lemma sum_lessThan_mult:
  fixes n k :: nat
  shows "(\<Sum>c<n * k. f c) = (\<Sum>a<n. \<Sum>b<k. f (a * k + b))"
proof -
  have "(\<Sum>c<n * k. f c) = (\<Sum>a<n. sum f {a * k..<a * k + k})"
    by (rule sum.nat_group[symmetric])
  also have "\<dots> = (\<Sum>a<n. \<Sum>b<k. f (a * k + b))"
    by (rule sum.cong[OF refl]) (simp add: sum.atLeastLessThan_shift_0[where m = "_ * k"] lessThan_atLeast0 add.commute)
  finally show ?thesis .
qed

definition vkron :: "complex vec \<Rightarrow> complex vec \<Rightarrow> complex vec" where
  "vkron x y = vec (dim_vec x * dim_vec y) (\<lambda>c. x $ (c div dim_vec y) * y $ (c mod dim_vec y))"

lemma dim_vkron [simp]: "dim_vec (vkron x y) = dim_vec x * dim_vec y"
  unfolding vkron_def by simp

lemma vkron_carrier: "x \<in> carrier_vec n \<Longrightarrow> y \<in> carrier_vec k \<Longrightarrow> vkron x y \<in> carrier_vec (n * k)"
  by (intro carrier_vecI) (simp add: carrier_vecD)

lemma index_vkron:
  assumes "x \<in> carrier_vec n" "y \<in> carrier_vec k" "a < n" "b < k"
  shows "vkron x y $ (a * k + b) = x $ a * y $ b"
proof -
  have dims: "dim_vec x = n" "dim_vec y = k"
    using assms(1,2) by auto
  have "(a * k + b) div k = a" "(a * k + b) mod k = b"
    using assms(4) by simp_all
  moreover have "a * k + b < n * k"
    using assms(3,4) by (rule mult_add_less)
  ultimately show ?thesis
    unfolding vkron_def dims by simp
qed

lemma vkron_zero_right: "vkron x (0\<^sub>v k) = 0\<^sub>v (dim_vec x * k)"
proof (rule eq_vecI)
  fix c assume "c < dim_vec (0\<^sub>v (dim_vec x * k) :: complex vec)"
  then have "c mod k < k" by (cases k) simp_all
  then show "vkron x (0\<^sub>v k) $ c = 0\<^sub>v (dim_vec x * k) $ c"
    using \<open>c < _\<close> unfolding vkron_def by simp
qed simp

lemma cinner_vkron:
  assumes x: "x \<in> carrier_vec n" "x' \<in> carrier_vec n" and y: "y \<in> carrier_vec k" "y' \<in> carrier_vec k"
  shows "cinner (vkron x y) (vkron x' y') = cinner x x' * cinner y y'"
proof -
  have "cinner (vkron x y) (vkron x' y')
      = (\<Sum>a<n. \<Sum>b<k. cnj (x $ a * y $ b) * (x' $ a * y' $ b))"
    unfolding cinner_def dim_vkron carrier_vecD[OF x(1)] carrier_vecD[OF y(1)] sum_lessThan_mult
    by (intro sum.cong refl) (simp add: index_vkron[OF x(1) y(1)] index_vkron[OF x(2) y(2)])
  also have "\<dots> = cinner x x' * cinner y y'"
    unfolding cinner_def carrier_vecD[OF x(1)] carrier_vecD[OF y(1)] sum_product
    by (simp add: mult_ac)
  finally show ?thesis .
qed
lemma obtain_permutes_onto_prefix:
  assumes s: "s \<subseteq> {..<n}"
  obtains \<pi> where "\<pi> permutes {..<n}" and "\<pi> ` {..<card s} = s"
proof -
  let ?r = "card s"
  have fin: "finite s" using s finite_subset by blast
  have rn: "?r \<le> n" using card_mono[OF _ s] by simp
  obtain h1 where h1: "bij_betw h1 {..<?r} s"
    using finite_same_card_bij[of "{..<?r}" s] fin by auto
  obtain h2 where h2: "bij_betw h2 {?r..<n} ({..<n} - s)"
    using finite_same_card_bij[of "{?r..<n}" "{..<n} - s"] fin s by (auto simp: card_Diff_subset)
  define \<pi> where "\<pi> k = (if k < ?r then h1 k else if k < n then h2 k else k)" for k
  have low: "bij_betw \<pi> {..<?r} s"
    using h1 by (rule bij_betw_cong[THEN iffD1, rotated]) (simp add: \<pi>_def)
  have "bij_betw \<pi> {?r..<n} ({..<n} - s)"
    using h2 by (rule bij_betw_cong[THEN iffD1, rotated]) (simp add: \<pi>_def)
  with low have "bij_betw \<pi> ({..<?r} \<union> {?r..<n}) (s \<union> ({..<n} - s))"
    by (rule bij_betw_combine) blast
  moreover have "{..<?r} \<union> {?r..<n} = {..<n}" "s \<union> ({..<n} - s) = {..<n}"
    using rn s by auto
  ultimately have "\<pi> permutes {..<n}"
    by (intro bij_imp_permutes) (auto simp: \<pi>_def)
  moreover have "\<pi> ` {..<?r} = s"
    using low by (simp add: bij_betw_def)
  ultimately show thesis by (rule that)
qed

lemma permutes_all_lessThan_iff:
  assumes "\<pi> permutes {..<n}"
  shows "(\<forall>k<n. P (\<pi> k)) \<longleftrightarrow> (\<forall>k<n. P k)"
proof -
  have "(\<forall>j\<in>\<pi> ` {..<n}. P j) \<longleftrightarrow> (\<forall>k<n. P (\<pi> k))"
    by auto
  then show ?thesis
    using permutes_image[OF assms] by auto
qed

lemma card_Collect_less_shift:
  fixes n r :: nat
  assumes "\<And>k. k < n \<Longrightarrow> P k \<Longrightarrow> r \<le> k"
  shows "card {k. k < n \<and> P k} = card {k. k < n - r \<and> P (k + r)}"
proof -
  have "{k. k < n \<and> P k} = (\<lambda>k. k + r) ` {k. k < n - r \<and> P (k + r)}"
  proof (intro set_eqI iffI)
    fix k assume k: "k \<in> {k. k < n \<and> P k}"
    with assms have "r \<le> k"
      by blast
    with k show "k \<in> (\<lambda>k. k + r) ` {k. k < n - r \<and> P (k + r)}"
      by (intro image_eqI[of _ _ "k - r"]) auto
  qed auto
  then show ?thesis
    by (simp add: card_image inj_on_def)
qed

lemma all_less_shift_iff:
  fixes n r :: nat
  assumes shifted: "\<And>k. k < n \<Longrightarrow> P k \<Longrightarrow> r \<le> k"
    and low: "\<And>k l. k < n \<Longrightarrow> P k \<Longrightarrow> l < r \<Longrightarrow> Q k l"
  shows "(\<forall>k<n. P k \<longrightarrow> (\<forall>l<n. Q k l)) \<longleftrightarrow> (\<forall>k<n - r. P (k + r) \<longrightarrow> (\<forall>l<n - r. Q (k + r) (l + r)))"
proof
  assume "\<forall>k<n. P k \<longrightarrow> (\<forall>l<n. Q k l)"
  then show "\<forall>k<n - r. P (k + r) \<longrightarrow> (\<forall>l<n - r. Q (k + r) (l + r))"
    by (auto simp: less_diff_conv)
next
  assume high: "\<forall>k<n - r. P (k + r) \<longrightarrow> (\<forall>l<n - r. Q (k + r) (l + r))"
  show "\<forall>k<n. P k \<longrightarrow> (\<forall>l<n. Q k l)"
  proof (intro allI impI)
    fix k l assume k: "k < n" "P k" and l: "l < n"
    show "Q k l"
    proof (cases "l < r")
      case False
      moreover have "r \<le> k"
        using shifted k by blast
      ultimately have "k - r < n - r" "l - r < n - r" "k - r + r = k" "l - r + r = l"
        using k l by auto
      then show ?thesis
        using high k by metis
    qed (use low k in blast)
  qed
qed

lemma sums_exp_binomial_convolution:
  fixes a b :: "nat \<Rightarrow> real"
  assumes "\<And>r. \<bar>a r\<bar> \<le> A" and "\<And>r. \<bar>b r\<bar> \<le> B"
  shows "(\<lambda>n. x ^ n / fact n * (\<Sum>r\<le>n. real (n choose r) * (a r * b (n - r))))
           sums ((\<Sum>r. x ^ r / fact r * a r) * (\<Sum>r. x ^ r / fact r * b r))"
proof -
  have abs_summable: "summable (\<lambda>r. norm (x ^ r / fact r * c r))" if "\<And>r. \<bar>c r\<bar> \<le> C" for c C
  proof (rule summable_comparison_test'[where N = 0])
    show "summable (\<lambda>r. \<bar>x\<bar> ^ r / fact r * C)"
      using summable_exp[of "\<bar>x\<bar>"] by (intro summable_mult2) (simp add: divide_inverse mult.commute)
    show "norm (norm (x ^ r / fact r * c r)) \<le> \<bar>x\<bar> ^ r / fact r * C" for r
      using that[of r] by (simp add: abs_mult power_abs mult_left_mono divide_right_mono)
  qed
  have "x ^ n / fact n * (real (n choose r) * (a r * b (n - r)))
      = x ^ r / fact r * a r * (x ^ (n - r) / fact (n - r) * b (n - r))" if "r \<le> n" for n r
    using that by (simp add: binomial_fact power_add[symmetric] field_simps)
  then have convolution: "(\<lambda>n. x ^ n / fact n * (\<Sum>r\<le>n. real (n choose r) * (a r * b (n - r))))
      = (\<lambda>n. \<Sum>r\<le>n. x ^ r / fact r * a r * (x ^ (n - r) / fact (n - r) * b (n - r)))"
    by (simp add: sum_distrib_left)
  show ?thesis
    unfolding convolution by (rule Cauchy_product_sums[OF abs_summable[OF assms(1)] abs_summable[OF assms(2)]])
qed
locale subgroup_rep = group G for G :: "('g, 'b) monoid_scheme" (structure) +
  fixes H :: "'g set" and d :: nat and rho :: "'g \<Rightarrow> nat \<Rightarrow> nat \<Rightarrow> 'k::comm_ring_1"
  assumes rep: "is_rep G d rho" and subgroup_H: "subgroup H G"
begin

lemma act_mult_group:
  assumes "g \<in> carrier G" "h \<in> carrier G" "p \<in> polyring d"
  shows "act d (rho (g \<otimes> h)) p = act d (rho g) (act d (rho h) p)"
  unfolding act_act[OF assms(3)]
  using rep assms by (intro act_cong) (auto simp: is_rep_def)

lemma rcosets_carrier: "C \<in> rcosets H \<Longrightarrow> C \<subseteq> carrier G"
  using subgroup.rcosets_carrier[OF subgroup_H is_group] .

lemma act_inv_rcos_eq:
  assumes "C \<in> rcosets H" "y \<in> C" "z \<in> C" "s \<in> invariants d rho H"
  shows "act d (rho (inv y)) s = act d (rho (inv z)) s"
proof -
  obtain a where a: "a \<in> carrier G" "C = H #> a"
    using assms(1) by (auto simp: RCOSETS_def)
  have "act d (rho (inv x)) s = act d (rho (inv a)) s" if x: "x \<in> H #> a" for x
  proof -
    obtain h where h: "h \<in> H" "x = h \<otimes> a"
      using x unfolding r_coset_def by blast
    then have hG: "h \<in> carrier G" "inv h \<in> H"
      using subgroup_H by (auto simp: subgroup.mem_carrier subgroup.m_inv_closed)
    then have "act d (rho (inv x)) s = act d (rho (inv a)) (act d (rho (inv h)) s)"
      using h a assms(4) by (simp add: inv_mult_group act_mult_group invariants_def)
    also have "\<dots> = act d (rho (inv a)) s"
      using hG assms(4) by (simp add: invariants_def)
    finally show ?thesis .
  qed
  then show ?thesis
    using assms(2,3) a by simp
qed

definition rcos_rep :: "'g set \<Rightarrow> 'g" where
  "rcos_rep C = (SOME y. y \<in> C)"

lemma rcos_rep_in:
  assumes "C \<in> rcosets H"
  shows "rcos_rep C \<in> C" "rcos_rep C \<in> carrier G"
proof -
  obtain a where "a \<in> carrier G" "C = H #> a"
    using assms by (auto simp: RCOSETS_def)
  then have "a \<in> C"
    using subgroup_H by (simp add: rcos_self)
  then show "rcos_rep C \<in> C"
    unfolding rcos_rep_def by (rule someI)
  then show "rcos_rep C \<in> carrier G"
    using rcosets_carrier[OF assms] by blast
qed

lemma bij_betw_rcosets_mult:
  assumes "x \<in> carrier G"
  shows "bij_betw (\<lambda>C. C #> x) (rcosets H) (rcosets H)"
proof (rule bij_betwI[where g="\<lambda>C. C #> inv x"])
  have H: "H \<subseteq> carrier G"
    using subgroup_H by (rule subgroup.subset)
  have "C #> y \<in> rcosets H" if "C \<in> rcosets H" "y \<in> carrier G" for C y
    using that H by (auto simp: RCOSETS_def coset_mult_assoc)
  then show "(\<lambda>C. C #> x) \<in> rcosets H \<rightarrow> rcosets H" "(\<lambda>C. C #> inv x) \<in> rcosets H \<rightarrow> rcosets H"
    using assms by auto
  show "C #> x #> inv x = C" "C #> inv x #> x = C" if "C \<in> rcosets H" for C
    using rcosets_carrier[OF that] assms by (simp_all add: coset_mult_assoc)
qed

text \<open>By \<open>act_inv_rcos_eq\<close>, the summand \<open>g\<^sup>-\<^sup>1 s\<close> does not depend on which representative
  \<open>g\<close> of the coset \<open>Hg\<close> is chosen.\<close>

definition rel_trace :: "'k mpoly \<Rightarrow> 'k mpoly" where
  "rel_trace s = (\<Sum>C\<in>rcosets H. act d (rho (inv (rcos_rep C))) s)"

lemma rel_trace_in_invariants:
  assumes s: "s \<in> invariants d rho H"
  shows "rel_trace s \<in> invariants d rho (carrier G)"
proof -
  have "act d (rho g) (rel_trace s) = rel_trace s" if g: "g \<in> carrier G" for g
  proof -
    have "act d (rho g) (rel_trace s) = (\<Sum>C\<in>rcosets H. act d (rho (g \<otimes> inv (rcos_rep C))) s)"
      unfolding rel_trace_def act_sum using g rcos_rep_in s act_in_polyring
      by (intro sum.cong refl) (simp add: act_mult_group invariants_def)
    also have "\<dots> = (\<Sum>C\<in>rcosets H. act d (rho (inv (rcos_rep (C #> inv g)))) s)"
    proof (rule sum.cong[OF refl])
      fix C assume C: "C \<in> rcosets H"
      have "g \<otimes> inv (rcos_rep C) = inv (rcos_rep C \<otimes> inv g)"
        using g rcos_rep_in[OF C] by (simp add: inv_mult_group)
      moreover have "rcos_rep C \<otimes> inv g \<in> C #> inv g"
        using rcos_rep_in[OF C] g unfolding r_coset_def by auto
      moreover have "C #> inv g \<in> rcosets H"
        using bij_betw_rcosets_mult[of "inv g"] g C bij_betwE by fastforce
      ultimately show "act d (rho (g \<otimes> inv (rcos_rep C))) s = act d (rho (inv (rcos_rep (C #> inv g)))) s"
        using act_inv_rcos_eq rcos_rep_in s by metis
    qed
    also have "\<dots> = rel_trace s"
      unfolding rel_trace_def using bij_betw_rcosets_mult[of "inv g"] g
      by (intro sum.reindex_bij_betw) simp
    finally show ?thesis .
  qed
  moreover have "rel_trace s \<in> polyring d"
    unfolding rel_trace_def by (intro subalg_sum[OF subalg_polyring] act_in_polyring)
  ultimately show ?thesis
    by (simp add: invariants_def)
qed
lemma card_column_switch:
  assumes "r1 \<noteq> r2" "c1 \<noteq> c2" "r1 < m" "r2 < m"
    and "B r1 c1" "B r2 c2" "\<not> B r1 c2" "\<not> B r2 c1"
  shows "card {i. i < m \<and> switch B r1 r2 c1 c2 i j} = card {i. i < m \<and> B i j}"
proof -
  have "card {i. i < m \<and> switch (\<lambda>x y. B y x) c1 c2 r1 r2 j i} = card {i. i < m \<and> B i j}"
    by (rule card_row_switch) (use assms in auto)
  then show ?thesis by (simp only: switch_transpose[of B c1 c2 r1 r2 j])
qed

lemma realizes_switch:
  assumes R: "realizes B P Q" and sw: "r1 \<noteq> r2" "c1 \<noteq> c2" "B r1 c1" "B r2 c2" "\<not> B r1 c2" "\<not> B r2 c1"
  shows "realizes (switch B r1 r2 c1 c2) P Q"
proof -
  have bounds: "r1 < length P" "r2 < length P" "c1 < length Q" "c2 < length Q"
    using realizes_bounded[OF R] sw by blast+
  have "i < length P \<and> j < length Q" if "switch B r1 r2 c1 c2 i j" for i j
    using that realizes_bounded[OF R] bounds unfolding switch_def by (auto split: if_splits)
  moreover have "card {j. j < length Q \<and> switch B r1 r2 c1 c2 i j} = card {j. j < length Q \<and> B i j}" for i
    by (rule card_row_switch[OF sw(1,2) bounds(3,4) sw(3-6)])
  moreover have "card {i. i < length P \<and> switch B r1 r2 c1 c2 i j} = card {i. i < length P \<and> B i j}" for j
    by (rule card_column_switch[OF sw(1,2) bounds(1,2) sw(3-6)])
  ultimately show ?thesis using R unfolding realizes_def by presburger
qed

definition asym_pairs :: "(nat \<Rightarrow> nat \<Rightarrow> bool) \<Rightarrow> nat \<Rightarrow> (nat \<times> nat) set" where
  "asym_pairs B n = {(x, y). x < n \<and> y < n \<and> B x y \<noteq> B y x}"

definition asym_arc :: "(nat \<Rightarrow> nat \<Rightarrow> bool) \<Rightarrow> nat \<Rightarrow> nat \<Rightarrow> bool" where
  "asym_arc B x y \<longleftrightarrow> B x y \<and> \<not> B y x"

lemma finite_asym_pairs: "finite (asym_pairs B n)"
  by (rule finite_subset[of _ "{..<n} \<times> {..<n}"]) (auto simp: asym_pairs_def)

.....

WHAT YOU HAVE TO DO => Count every line in the listing where the string "dots" occurs. Give the total alone.

SOLUTION BELOW => 5